Bones adds, “Ask any out-of-state rider and find out why they would go two or three hundred miles out of their way to avoid the discriminatory laws Nevada uses to harass riders, knowing that the chances of returning to fight for their rights would cost them more than the ticket. Nevada Rider chooses to support law enforcement in its efforts to promote helmets as safety devices, and law enforcement continues to discriminate against riders in this State.”
As for my “rant” about the Program undermining motorcyclists’ rights: For one year, Nevada rights activist, David Stilwell, continues to get tossed between law enforcement agencies and the Program in his quest to get an answer to his question, “How can I, with certainly, comply with Nevada’s helmet law?” Eliminating this Program would give law enforcers one less means to pass the buck.
After reviewing the facts, I drew the conclusion that this Program is a bureaucracy with power to harm motorcyclists. I sought to influence the recent elections by endorsing candidates who reached out to motorcyclists and were sanctioned by our ABATEs.
How would you know that I “made a scene” at the August Board meeting if you were not there? If you were privy to videos, let’s put them online so that motorcyclists in Nevada can get fired up to support the Program with you, or to recognize its flaws. Furthermore, it is my right as a citizen to scrutinize how our taxes are spent, and my job as reporter for QuickThrottle magazine to report my motorcycle-related findings.
Thank you for providing your opposing views. Hopefully this dialogue will help gain momentum towards establishing a motorcycle-friendly Nevada.
Neither the reader's letter nor my response were published. In part, because it appeared the reader no longer wanted his letter published. Here's what the reader had to say:
She is all over the road in her reply and her research, just like the original article. There’s subject matter for four or more articles here. What is her beef?
It’s up to you if you want to become the enemy of Nevada State motorcycle safety programs but I wouldn’t publish this.
I didn’t expect you to print my letter but I was so angry when I read the article that I felt the need to let someone know about it.

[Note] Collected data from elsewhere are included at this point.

lemma barrier'_deriv: "(barrier' has_real_derivative barrier'' x) (at x)"
proof -
  have "bracket x > 0" using bracket_ge_1[of x] by linarith
  then have "(barrier_slope * bracket x - barrier_slope * x * (x / bracket x)) / (bracket x * bracket x)
      = barrier_slope * ((bracket x)\<^sup>2 - x\<^sup>2) / bracket x ^ 3"
    by (simp add: field_simps power2_eq_square power3_eq_cube)
  also have "\<dots> = barrier'' x"
    unfolding barrier''_def by (simp add: bracket_def)
  finally have "(barrier_slope * bracket x - barrier_slope * x * (x / bracket x)) / (bracket x * bracket x)
      = barrier'' x" .
  with \<open>bracket x > 0\<close> show ?thesis
    unfolding barrier'_def using bracket_deriv[of x] by (auto intro!: derivative_eq_intros)
qed

lemma barrier_operator_bound:
  "\<bar>(\<sigma> x)\<^sup>2 / 2 * barrier'' x + b x * barrier' x\<bar> \<le> barrier_slope * (drift_const + L * bracket x)"
proof -
  have br: "bracket x \<ge> 1" "bracket x \<ge> \<bar>x\<bar>" by (rule bracket_ge_1 bracket_ge_abs)+
  have B: "barrier_slope > 0" by (rule barrier_slope_pos)
  have Lx: "L * \<bar>x\<bar> \<le> L * bracket x"
    using br L_pos by simp
  have "\<bar>b x\<bar> \<le> \<bar>b 0\<bar> + L * bracket x"
    using b_lip[of x 0] Lx by simp
  moreover have "\<bar>b x\<bar> * (\<bar>x\<bar> / bracket x) \<le> \<bar>b x\<bar>"
    using br by (intro mult_left_le) (auto simp: divide_le_eq_1)
  ultimately have "\<bar>b x\<bar> * (\<bar>x\<bar> / bracket x) \<le> \<bar>b 0\<bar> + L * bracket x"
    by linarith
  moreover have "\<bar>b x * barrier' x\<bar> = barrier_slope * (\<bar>b x\<bar> * (\<bar>x\<bar> / bracket x))"
    unfolding barrier'_def using B br by (simp add: abs_mult)
  ultimately have drift: "\<bar>b x * barrier' x\<bar> \<le> barrier_slope * (\<bar>b 0\<bar> + L * bracket x)"
    using B by (metis mult_left_mono less_imp_le)
  define s where "s = \<bar>\<sigma> 0\<bar> + L"
  have "\<bar>\<sigma> x\<bar> \<le> s * bracket x"
    using sigma_lip[of x 0] Lx mult_left_mono[OF br(1) abs_ge_zero, of "\<sigma> 0"]
    unfolding s_def by (simp add: distrib_right)
  then have sigma2: "(\<sigma> x)\<^sup>2 \<le> s\<^sup>2 * (bracket x)\<^sup>2"
    by (metis abs_ge_zero power2_abs power_mono power_mult_distrib)
  have "(\<sigma> x)\<^sup>2 / 2 * barrier'' x = barrier_slope * (\<sigma> x)\<^sup>2 / (2 * bracket x ^ 3)"
    unfolding barrier''_def by simp
  also have "\<dots> \<le> barrier_slope * (s\<^sup>2 * (bracket x)\<^sup>2) / (2 * bracket x ^ 3)"
    using B br sigma2 by (intro divide_right_mono mult_left_mono) auto
  also have "\<dots> = barrier_slope * s\<^sup>2 / 2 / bracket x"
    using br by (simp add: power2_eq_square power3_eq_cube)
  also have "\<dots> \<le> barrier_slope * s\<^sup>2 / 2"
    using divide_left_mono[OF br(1), of "barrier_slope * s\<^sup>2 / 2"] B br(1) by simp
  finally have diffusion: "(\<sigma> x)\<^sup>2 / 2 * barrier'' x \<le> barrier_slope * s\<^sup>2 / 2" .
  have "(\<sigma> x)\<^sup>2 / 2 * barrier'' x \<ge> 0"
    unfolding barrier''_def using B br by simp
  moreover have "barrier_slope * (drift_const + L * bracket x)
      = barrier_slope * (\<bar>b 0\<bar> + L * bracket x) + barrier_slope * s\<^sup>2 / 2"
    unfolding drift_const_def s_def by (simp add: algebra_simps)
  ultimately show ?thesis
    using drift diffusion abs_triangle_ineq[of "(\<sigma> x)\<^sup>2 / 2 * barrier'' x" "b x * barrier' x"]
    by linarith
qed

lemma r_barrier:
  "r * barrier x = barrier_slope * (drift_const + L * bracket x) + lam + 1 + (\<bar>Lf\<bar> + 1) * bracket x"
proof -
  have "r * barrier_slope = \<bar>Lf\<bar> + 1 + L * barrier_slope"
    unfolding barrier_slope_def using r_gt_L by (simp add: field_simps)
  moreover have "r * barrier_const = barrier_slope * drift_const + lam + 1"
    unfolding barrier_const_def using r_pos by simp
  ultimately show ?thesis
    unfolding barrier_def by (simp add: distrib_left distrib_right mult.assoc[symmetric])
qed

lemma barrier_supersolution: "(\<sigma> x)\<^sup>2 / 2 * barrier'' x + b x * barrier' x < H x (barrier x)"
proof -
  define M where "M = barrier_slope * (drift_const + L * bracket x)"
  have "f x \<le> \<bar>Lf\<bar> * bracket x"
    using f_le[of x] mult_left_mono[OF bracket_ge_abs[of x] abs_ge_zero[of Lf]] by linarith
  moreover have "(\<bar>Lf\<bar> + 1) * bracket x = \<bar>Lf\<bar> * bracket x + bracket x"
    by (simp add: algebra_simps)
  ultimately have "M < r * barrier x - f x"
    using r_barrier[of x, folded M_def] bracket_ge_1[of x] lam_pos by linarith
  moreover have "(\<sigma> x)\<^sup>2 / 2 * barrier'' x + b x * barrier' x \<le> M"
    using barrier_operator_bound[of x, folded M_def] by linarith
  moreover have "lam * exp ((barrier x - \<phi> x) / lam) > 0"
    using lam_pos by simp
  ultimately show ?thesis
    unfolding H_def by linarith
qed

In my opinion, she had her shot and blew it. She should apologize and leave it at that, unless you want to make your magazine look like a forum for childish bickering to your readers.
She should stick to fluff pieces on Toy Runs and such and stay away from inflammatory articles until she gets some focus. If I were the publisher I wouldn’t ever print anything with her name on it again.
Concerning a debate with Lily she doesn’t seem like a reasonable person and I really don’t want to have any further contact with her, even third party.